To crawl and process multiple pages under `https://example.com/docs/`:

```bash
python -m web2json.cli https://example.com/docs/ --crawl --schema "title: str"
```

The extracted JSON is printed to standard output. Unicode characters are
preserved so accent marks appear correctly. Any schema validation errors are
reported to standard error. When `--debug` is used, intermediate output such as the cleaned HTML is also sent to standard error.


## Library usage

The pipeline components are exposed as Python classes so you can build custom workflows.

```python
from web2json.cli import parse_schema_input
from web2json.preprocessor import BasicPreprocessor
from web2json.postprocessor import PostProcessor
from web2json.pipeline import Pipeline
from web2json.ai_extractor import OllamaLLMClient

schema = parse_schema_input("title: str\ncontent: str")
# Exclude header and footer markup when cleaning HTML
pre = BasicPreprocessor(config={"remove_boilerplate": True})
llm = OllamaLLMClient()
post = PostProcessor(link_patterns={"preview": r"(https?://[^\s]+\.mp4)"})
pipe = Pipeline(pre, llm, post)
result = pipe.run("<h1>Title</h1>", False, schema)
```

The `link_patterns` option helps recover URLs when the LLM omits them from the output JSON.

## Code overview

1. **Preprocessor** - cleans and normalizes HTML or text input.
   When `remove_boilerplate` is enabled, common header and footer elements are
   stripped before text extraction. The CLI turns this setting on automatically
   if your schema includes a `content` field.
2. **AIExtractor** - sends a prompt to the LLM and returns the raw JSON text.
3. **PostProcessor** - repairs malformed JSON and adds missing URLs.

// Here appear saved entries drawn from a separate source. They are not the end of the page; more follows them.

(* There is some real $\alpha>1/2$ and an open subset $U\subseteq\mathbb{C}$ such that $\mathcal{M}\cap U$ is equal to the interval $[1/2,\alpha)$.
   Context: For $z\in\mathbb{D}^*=\{0<|z|<1\}$, $f(x)=zx$, $g(x)=z(x-1)+1$, $\Lambda_z$ is the unique nonempty compact subset of $\mathbb{C}$ with $\Lambda_z=f(\Lambda_z)\cup g(\Lambda_z)$, and $\mathcal{M}=\{z\in\mathbb{D}^*:\Lambda_z\text{ connected}\}$. *)

theory Defs
  imports "HOL-Analysis.Analysis"
begin

definition attractor :: "complex \<Rightarrow> complex set" where
  "attractor z = (THE L. compact L \<and> L \<noteq> {} \<and>
      L = (\<lambda>x. z * x) ` L \<union> (\<lambda>x. z * (x - 1) + 1) ` L)"

definition connectedness_locus :: "complex set" where
  "connectedness_locus = {z. 0 < norm z \<and> norm z < 1 \<and> connected (attractor z)}"

end

theory Submission
  imports Defs
begin

text \<open>For real \<open>z = x\<close> the segment \<open>[0,1]\<close> is mapped onto \<open>[0,x] \<union> [1-x,1]\<close>; so for
  \<open>x \<ge> 1/2\<close> it is the attractor, while for \<open>x < 1/2\<close> the attractor lies in \<open>[0,1]\<close> and its
  two pieces \<open>z \<Lambda>\<close> and \<open>z (\<Lambda> - 1) + 1\<close> are separated.
  For non-real \<open>z\<close> near \<open>1/2\<close> the two pieces meet iff \<open>1\<close> is one of the scaled differences
  \<open>(p - q) z / (1 - z)\<close>, \<open>p, q \<in> \<Lambda>\<close>. These form a bounded set each of whose points is sent
  back into it by one of the maps \<open>t \<mapsto> t / z - e\<close>, \<open>e \<in> {-1, 0, 1}\<close>; as \<open>1 / z \<approx> 2\<close> these maps expand imaginary
  parts, which excludes \<open>1\<close>.\<close>

definition hutchinson :: "complex \<Rightarrow> complex set \<Rightarrow> complex set" where
  "hutchinson z L = (\<lambda>x. z * x) ` L \<union> (\<lambda>x. z * (x - 1) + 1) ` L"

lemma mem_hutchinson_iff:
  "p \<in> hutchinson z L \<longleftrightarrow> (\<exists>x\<in>L. \<exists>a\<in>{0,1}. p = z * x + a * (1 - z))"
  unfolding hutchinson_def by (auto simp: algebra_simps)

lemma hutchinson_mono: "L \<subseteq> L' \<Longrightarrow> hutchinson z L \<subseteq> hutchinson z L'"
  unfolding hutchinson_def by auto

lemma compact_hutchinson: "compact L \<Longrightarrow> compact (hutchinson z L)"
  unfolding hutchinson_def
  by (intro compact_Un compact_continuous_image continuous_intros) auto

text \<open>Both maps contract by the factor \<open>norm z\<close>, so by induction every point of \<open>L1\<close>
  lies within \<open>norm z ^ n * M\<close> of \<open>L2\<close>.\<close>

lemma hutchinson_subinvariant_subset:
  assumes z: "norm z < 1" and "bounded L1" and L1: "L1 \<subseteq> hutchinson z L1"
    and "closed L2" and "L2 \<noteq> {}" and L2: "hutchinson z L2 \<subseteq> L2"
  shows "L1 \<subseteq> L2"
proof
  fix p assume "p \<in> L1"
  obtain q0 where "q0 \<in> L2" using \<open>L2 \<noteq> {}\<close> by auto
  obtain M where M: "\<forall>x\<in>L1. dist q0 x \<le> M"
    using \<open>bounded L1\<close> bounded_any_center by blast
  have approx: "\<forall>p\<in>L1. \<exists>q\<in>L2. dist p q \<le> norm z ^ n * M" for n
  proof (induction n)
    case 0
    then show ?case using M \<open>q0 \<in> L2\<close> by (auto simp: dist_commute)
  next
    case (Suc n)
    show ?case
    proof
      fix p assume "p \<in> L1"
      then have "p \<in> hutchinson z L1" using L1 by blast
      then obtain x a where x: "x \<in> L1" "a \<in> {0,1}" "p = z * x + a * (1 - z)"
        unfolding mem_hutchinson_iff by blast
      obtain q where q: "q \<in> L2" "dist x q \<le> norm z ^ n * M"
        using Suc x(1) by blast
      have "z * q + a * (1 - z) \<in> hutchinson z L2"
        unfolding mem_hutchinson_iff using q(1) x(2) by blast
      then have "z * q + a * (1 - z) \<in> L2" using L2 by blast
      moreover have "dist p (z * q + a * (1 - z)) = norm z * dist x q"
        by (simp add: x(3) dist_norm norm_mult[symmetric] algebra_simps)
      moreover have "norm z * dist x q \<le> norm z ^ Suc n * M"
        using q(2) mult_left_mono[OF q(2), of "norm z"] by (simp add: mult.assoc)
      ultimately show "\<exists>q\<in>L2. dist p q \<le> norm z ^ Suc n * M"
        by (intro bexI[of _ "z * q + a * (1 - z)"]) simp_all
    qed
  qed
  have "\<exists>q\<in>L2. dist q p < e" if "e > 0" for e
  proof -
    have "(\<lambda>n. norm z ^ n * M) \<longlonglongrightarrow> 0"
      using LIMSEQ_power_zero[of "norm z"] z by (intro tendsto_mult_left_zero) auto
    then have "\<forall>\<^sub>F n in sequentially. norm z ^ n * M < e"
      using \<open>e > 0\<close> by (rule order_tendstoD)
    then obtain n where "norm z ^ n * M < e"
      by (auto simp: eventually_sequentially)
    moreover obtain q where "q \<in> L2" "dist p q \<le> norm z ^ n * M"
      using approx[of n] \<open>p \<in> L1\<close> by blast
    ultimately show ?thesis by (metis dist_commute order.strict_trans1)
  qed
  then show "p \<in> L2" using closed_approachable[OF \<open>closed L2\<close>] by blast
qed

lemma hutchinson_cball_subset:
  assumes "norm z * R + (1 + norm z) \<le> R"
  shows "hutchinson z (cball 0 R) \<subseteq> cball 0 R"
proof
  fix p assume "p \<in> hutchinson z (cball 0 R)"
  then obtain x a where x: "x \<in> cball 0 R" "a \<in> {0,1}" "p = z * x + a * (1 - z)"
    unfolding mem_hutchinson_iff by blast
  have "norm (a * (1 - z)) \<le> 1 + norm z"
    using x(2) norm_triangle_ineq4[of 1 z] by auto
  then have "norm p \<le> norm z * norm x + (1 + norm z)"
    using norm_triangle_ineq[of "z * x" "a * (1 - z)"] by (simp add: x(3) norm_mult)
  also have "\<dots> \<le> norm z * R + (1 + norm z)"
    using x(1) by (simp add: mult_left_mono)
  finally show "p \<in> cball 0 R" using assms by simp
qed

lemma Inter_decseq_image_Un:
  fixes f g :: "'a \<Rightarrow> 'b"
  assumes "inj f" "inj g" "decseq A"
  shows "(\<Inter>n. f ` A n \<union> g ` A n) \<subseteq> f ` (\<Inter>n. A n) \<union> g ` (\<Inter>n. A n)"
proof
  have f_Inter: "f ` (\<Inter>n. A n) = (\<Inter>n. f ` A n)"
    using \<open>inj f\<close> by (intro image_INT) auto
  have g_Inter: "g ` (\<Inter>n. A n) = (\<Inter>n. g ` A n)"
    using \<open>inj g\<close> by (intro image_INT) auto
  fix x assume x: "x \<in> (\<Inter>n. f ` A n \<union> g ` A n)"
  show "x \<in> f ` (\<Inter>n. A n) \<union> g ` (\<Inter>n. A n)"
  proof (cases "\<forall>n. x \<in> f ` A n")
    case True
    then show ?thesis unfolding f_Inter by blast
  next
    case False
    then obtain m where m: "x \<notin> f ` A m" by blast
    have "x \<in> g ` A n" for n
    proof -
      have "A (max m n) \<subseteq> A m" "A (max m n) \<subseteq> A n"
        using \<open>decseq A\<close> by (auto simp: decseq_def)
      then show ?thesis using x m by blast
    qed
    then show ?thesis unfolding g_Inter by blast
  qed
qed

lemma hutchinson_fixpoint_in_invariant_compact:
  assumes "z \<noteq> 0" and K: "compact K" "K \<noteq> {}" "hutchinson z K \<subseteq> K"
  shows "\<exists>L. compact L \<and> L \<noteq> {} \<and> hutchinson z L = L"
proof -
  define A where "A n = (hutchinson z ^^ n) K" for n
  have A_Suc: "A (Suc n) = hutchinson z (A n)" for n
    by (simp add: A_def)
  have "decseq A"
  proof (rule decseq_SucI)
    show "A (Suc n) \<subseteq> A n" for n
      by (induction n) (use K in \<open>simp_all add: A_def hutchinson_mono\<close>)
  qed
  have compact_A: "compact (A n)" for n
    by (induction n) (use K in \<open>simp_all add: A_def compact_hutchinson\<close>)
  have "A n \<noteq> {}" for n
    by (induction n) (use K in \<open>simp_all add: A_def hutchinson_def\<close>)
  define L where "L = (\<Inter>n. A n)"
  have "L \<noteq> {}"
    unfolding L_def using compact_A \<open>A _ \<noteq> {}\<close> \<open>decseq A\<close>
    by (intro compact_nest) (auto simp: decseq_def)
  moreover have "compact L"
    unfolding L_def using compact_A by (intro compact_Inter) auto
  moreover have "hutchinson z L \<subseteq> L"
  proof -
    have "hutchinson z L \<subseteq> A (Suc n)" for n
      unfolding A_Suc L_def by (intro hutchinson_mono) auto
    then show ?thesis
      using \<open>decseq A\<close> by (auto simp: L_def decseq_Suc_iff)
  qed
  moreover have "L \<subseteq> hutchinson z L"
  proof -
    have "L \<subseteq> (\<Inter>n. hutchinson z (A n))"
      unfolding L_def A_Suc[symmetric] by blast
    also have "\<dots> \<subseteq> hutchinson z L"
      unfolding hutchinson_def L_def using \<open>z \<noteq> 0\<close> \<open>decseq A\<close>
      by (intro Inter_decseq_image_Un) (auto intro: injI)
    finally show ?thesis .
  qed
  ultimately show ?thesis by blast
qed

lemma hutchinson_fixpoint_exists:
  assumes "norm z < 1" "z \<noteq> 0"
  shows "\<exists>L. compact L \<and> L \<noteq> {} \<and> hutchinson z L = L"
proof (rule hutchinson_fixpoint_in_invariant_compact[OF \<open>z \<noteq> 0\<close>])
  define R where "R = (1 + norm z) / (1 - norm z)"
  have "norm z * R + (1 + norm z) = R"
    using \<open>norm z < 1\<close> by (simp add: R_def field_simps)
  then show "hutchinson z (cball 0 R) \<subseteq> cball 0 R"
    by (intro hutchinson_cball_subset) simp
  have "R \<ge> 0"
    unfolding R_def using \<open>norm z < 1\<close> by (intro divide_nonneg_pos) auto
  then show "cball 0 R \<noteq> {}" by simp
qed simp

lemma attractor_eqI:
  assumes z: "norm z < 1" and L: "compact L" "L \<noteq> {}" "hutchinson z L = L"
  shows "attractor z = L"
  unfolding attractor_def hutchinson_def[symmetric]
proof (rule the_equality)
  show "compact L \<and> L \<noteq> {} \<and> L = hutchinson z L" using L by simp
  fix L' assume L': "compact L' \<and> L' \<noteq> {} \<and> L' = hutchinson z L'"
  show "L' = L"
  proof
    show "L' \<subseteq> L"
      using hutchinson_subinvariant_subset[OF z, of L' L] L L'
      by (simp add: compact_imp_bounded compact_imp_closed)
    show "L \<subseteq> L'"
      using hutchinson_subinvariant_subset[OF z, of L L'] L L'
      by (simp add: compact_imp_bounded compact_imp_closed)
  qed
qed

These pieces are wired together by the `Pipeline` class and driven by the CLI script.



## Running tests

Install `pytest` and run the suite:

```bash
pip install -r requirements.txt
pip install pytest
pytest
```

Tests also run automatically through GitHub Actions on every push and pull request.

## Additional tests

The test suite now covers the CLI utilities as well as core components.
Additional tests live under `tests/` and exercise:
- The `AIExtractor` prompt formatting logic.
- Error handling in `PostProcessor.process` when invalid JSON is returned.
- The `_fetch_content` method in `BasicPreprocessor`.
- run_pipeline success and error scenarios.
- Pipeline operation with a mocked LLM.